lemma adjacent_iff_clockwise_steps_le_neighbour_run:
  assumes G: "finite_simple_graph V E" and f: "circular_ordering V f" and free: "CA_free V E f"
    and uv: "u \<in> V" "v \<in> V" "u \<noteq> v"
  shows "E u v \<longleftrightarrow>
    clockwise_steps V f u v \<le> neighbour_run V E f u \<or>
    clockwise_steps V f v u \<le> neighbour_run V E f v"
    (is "_ \<longleftrightarrow> ?duv \<le> ?mu \<or> ?dvu \<le> ?mv")
proof
  have sym: "E x y \<Longrightarrow> E y x" for x y
    using G by (simp add: finite_simple_graph_def)
  note steps_uv = clockwise_steps[OF f uv] and steps_vu = clockwise_steps[OF f uv(2,1) uv(3)[symmetric]]
  show "E u v" if "?duv \<le> ?mu \<or> ?dvu \<le> ?mv"
    using that
  proof
    assume "?duv \<le> ?mu"
    then show "E u v"
      using neighbour_run(2)[OF f uv(1), of ?duv E] steps_uv by simp
  next
    assume "?dvu \<le> ?mv"
    then have "E v u"
      using neighbour_run(2)[OF f uv(2), of ?dvu E] steps_vu by simp
    then show "E u v"
      by (rule sym)
  qed
  assume "E u v"
  show "?duv \<le> ?mu \<or> ?dvu \<le> ?mv"
  proof (rule ccontr)
    assume "\<not> (?duv \<le> ?mu \<or> ?dvu \<le> ?mv)"
    then have far: "?mu < ?duv" "?mv < ?dvu"
      by simp_all
    define c where "c = clockwise_successor V f u (?mu + 1)"
    define a where "a = clockwise_successor V f v (?mv + 1)"
    have "\<not> E u c" "\<not> E v a"
      using far neighbour_run(3)[OF f uv(1), of E] neighbour_run(3)[OF f uv(2), of E]
        steps_uv(1,2) steps_vu(1) by (simp_all add: c_def a_def)
    then have "c \<noteq> v" "a \<noteq> u"
      using \<open>E u v\<close> sym by blast+
    then have "?mu + 1 \<noteq> ?duv" "?mv + 1 \<noteq> ?dvu"
      using steps_uv(3) steps_vu(3) by (auto simp: c_def a_def)
    then have offsets: "?mu + 1 < ?duv" "?duv + ?mv + 1 < card V"
      using far steps_uv(2) by linarith+
    have "f u < card V"
      using circular_ordering_less_card[OF f uv(1)] .
    moreover have fv: "f v = (f u + ?duv) mod card V"
      using clockwise_successor(2)[OF f uv(1), of ?duv] steps_uv(3) by simp
    moreover have "f a = (f u + (?duv + ?mv + 1)) mod card V"
      unfolding a_def clockwise_successor(2)[OF f uv(2)] fv
      by (metis add.assoc mod_add_left_eq)
    ultimately have cw: "clockwise4 f a u c v"
      using clockwise4_offsets[of "f u" "card V" "?mu + 1" ?duv "?duv + ?mv + 1" f u c v a]
        clockwise_successor(2)[OF f uv(1)] offsets by (simp add: c_def)
    moreover have "a \<in> V" "c \<in> V"
      using clockwise_successor(1)[OF f] uv by (simp_all add: a_def c_def)
    moreover have "\<not> E a v"
      using \<open>\<not> E v a\<close> sym by blast
    ultimately show False
      using free clockwise4_distinct[OF cw] uv \<open>E u v\<close> \<open>\<not> E u c\<close>
      unfolding CA_free_def by blast
  qed
qed

lemma arc_of_circle_steps_Int_iff:
  assumes f: "circular_ordering V f" and uv: "u \<in> V" "v \<in> V" "u \<noteq> v"
  shows "arc_of_circle (2 * pi * f u / card V) (2 * pi * m u / card V) \<inter>
         arc_of_circle (2 * pi * f v / card V) (2 * pi * m v / card V) \<noteq> {} \<longleftrightarrow>
    clockwise_steps V f u v \<le> m u \<or> clockwise_steps V f v u \<le> m v"
proof -
  define n where "n = card V"
  define s where "s x = 2 * pi * f x / n" for x
  define l where "l x = 2 * pi * m x / n" for x
  have fV: "f x < n" if "x \<in> V" for x
    using circular_ordering_less_card[OF f that] by (simp add: n_def)
  have "f u \<noteq> f v"
    using circular_ordering_inj_on[OF f] uv by (auto dest: inj_onD)
  have n: "0 < n"
    using fV[OF uv(1)] by simp
  have gap: "clockwise_gap f s x y = 2 * pi * clockwise_steps V f x y / n"
    if "x \<in> V" "y \<in> V" for x y
    using clockwise_steps_eq[OF f that] fV[OF that(1)] n
    by (simp add: clockwise_gap_def s_def n_def of_nat_diff field_simps)
  have gap_le: "clockwise_gap f s x y \<le> l x \<longleftrightarrow> clockwise_steps V f x y \<le> m x"
    if "x \<in> V" "y \<in> V" for x y
    using n by (simp add: gap[OF that] l_def divide_le_cancel)
  have "s x \<in> {0..<2 * pi}" if "x \<in> V" for x
    using fV[OF that] n by (simp add: s_def field_simps)
  moreover have "s x \<le> s y" if "f x < f y" for x y
    using that n by (simp add: s_def divide_right_mono)
  ultimately have "arc_of_circle (s u) (l u) \<inter> arc_of_circle (s v) (l v) \<noteq> {} \<longleftrightarrow>
    clockwise_gap f s u v \<le> l u \<or> clockwise_gap f s v u \<le> l v"
    using uv \<open>f u \<noteq> f v\<close> by (intro arc_of_circle_Int_iff_clockwise_gap) (simp_all add: l_def)
  then show ?thesis
    using gap_le uv by (simp add: s_def l_def n_def)
qed

lemma CA_free_imp_circular_arc_graph:
  assumes "finite_simple_graph V E" "circular_ordering V f" "CA_free V E f"
  shows "circular_arc_graph V E"
proof -
  define A where "A v = arc_of_circle (2 * pi * f v / card V)
    (2 * pi * neighbour_run V E f v / card V)" for v
  have "is_arc (A v)" for v
    by (simp add: A_def is_arc_arc_of_circle)
  moreover have "E u v \<longleftrightarrow> A u \<inter> A v \<noteq> {}" if "u \<in> V" "v \<in> V" "u \<noteq> v" for u v
    unfolding A_def arc_of_circle_steps_Int_iff[OF assms(2) that]
    by (rule adjacent_iff_clockwise_steps_le_neighbour_run[OF assms that])
  ultimately show ?thesis
    unfolding circular_arc_graph_def by blast
qed

theorem proposition2:
  fixes V :: "'a set" and E :: "'a \<Rightarrow> 'a \<Rightarrow> bool"
  assumes "finite_simple_graph V E"
  shows "circular_arc_graph V E \<longleftrightarrow> (\<exists>f. circular_ordering V f \<and> CA_free V E f)"
  using circular_arc_graph_imp_CA_free[OF assms] CA_free_imp_circular_arc_graph[OF assms] by blast

end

# # # # # # #

• EXERCISE: After locating the line holding "using free clockwise4_distinct[OF" above, output exactly that line and every line after it through the line holding "using that n". Include nothing else.

• EXERCISE SOLUTION:
      using free clockwise4_distinct[OF cw] uv \<open>E u v\<close> \<open>\<not> E u c\<close>
      unfolding CA_free_def by blast
  qed
qed

lemma arc_of_circle_steps_Int_iff:
  assumes f: "circular_ordering V f" and uv: "u \<in> V" "v \<in> V" "u \<noteq> v"
  shows "arc_of_circle (2 * pi * f u / card V) (2 * pi * m u / card V) \<inter>
         arc_of_circle (2 * pi * f v / card V) (2 * pi * m v / card V) \<noteq> {} \<longleftrightarrow>
    clockwise_steps V f u v \<le> m u \<or> clockwise_steps V f v u \<le> m v"
proof -
  define n where "n = card V"
  define s where "s x = 2 * pi * f x / n" for x
  define l where "l x = 2 * pi * m x / n" for x
  have fV: "f x < n" if "x \<in> V" for x
    using circular_ordering_less_card[OF f that] by (simp add: n_def)
  have "f u \<noteq> f v"
    using circular_ordering_inj_on[OF f] uv by (auto dest: inj_onD)
  have n: "0 < n"
    using fV[OF uv(1)] by simp
  have gap: "clockwise_gap f s x y = 2 * pi * clockwise_steps V f x y / n"
    if "x \<in> V" "y \<in> V" for x y
    using clockwise_steps_eq[OF f that] fV[OF that(1)] n
    by (simp add: clockwise_gap_def s_def n_def of_nat_diff field_simps)
  have gap_le: "clockwise_gap f s x y \<le> l x \<longleftrightarrow> clockwise_steps V f x y \<le> m x"
    if "x \<in> V" "y \<in> V" for x y
    using n by (simp add: gap[OF that] l_def divide_le_cancel)
  have "s x \<in> {0..<2 * pi}" if "x \<in> V" for x
    using fV[OF that] n by (simp add: s_def field_simps)
  moreover have "s x \<le> s y" if "f x < f y" for x y
    using that n by (simp add: s_def divide_right_mono)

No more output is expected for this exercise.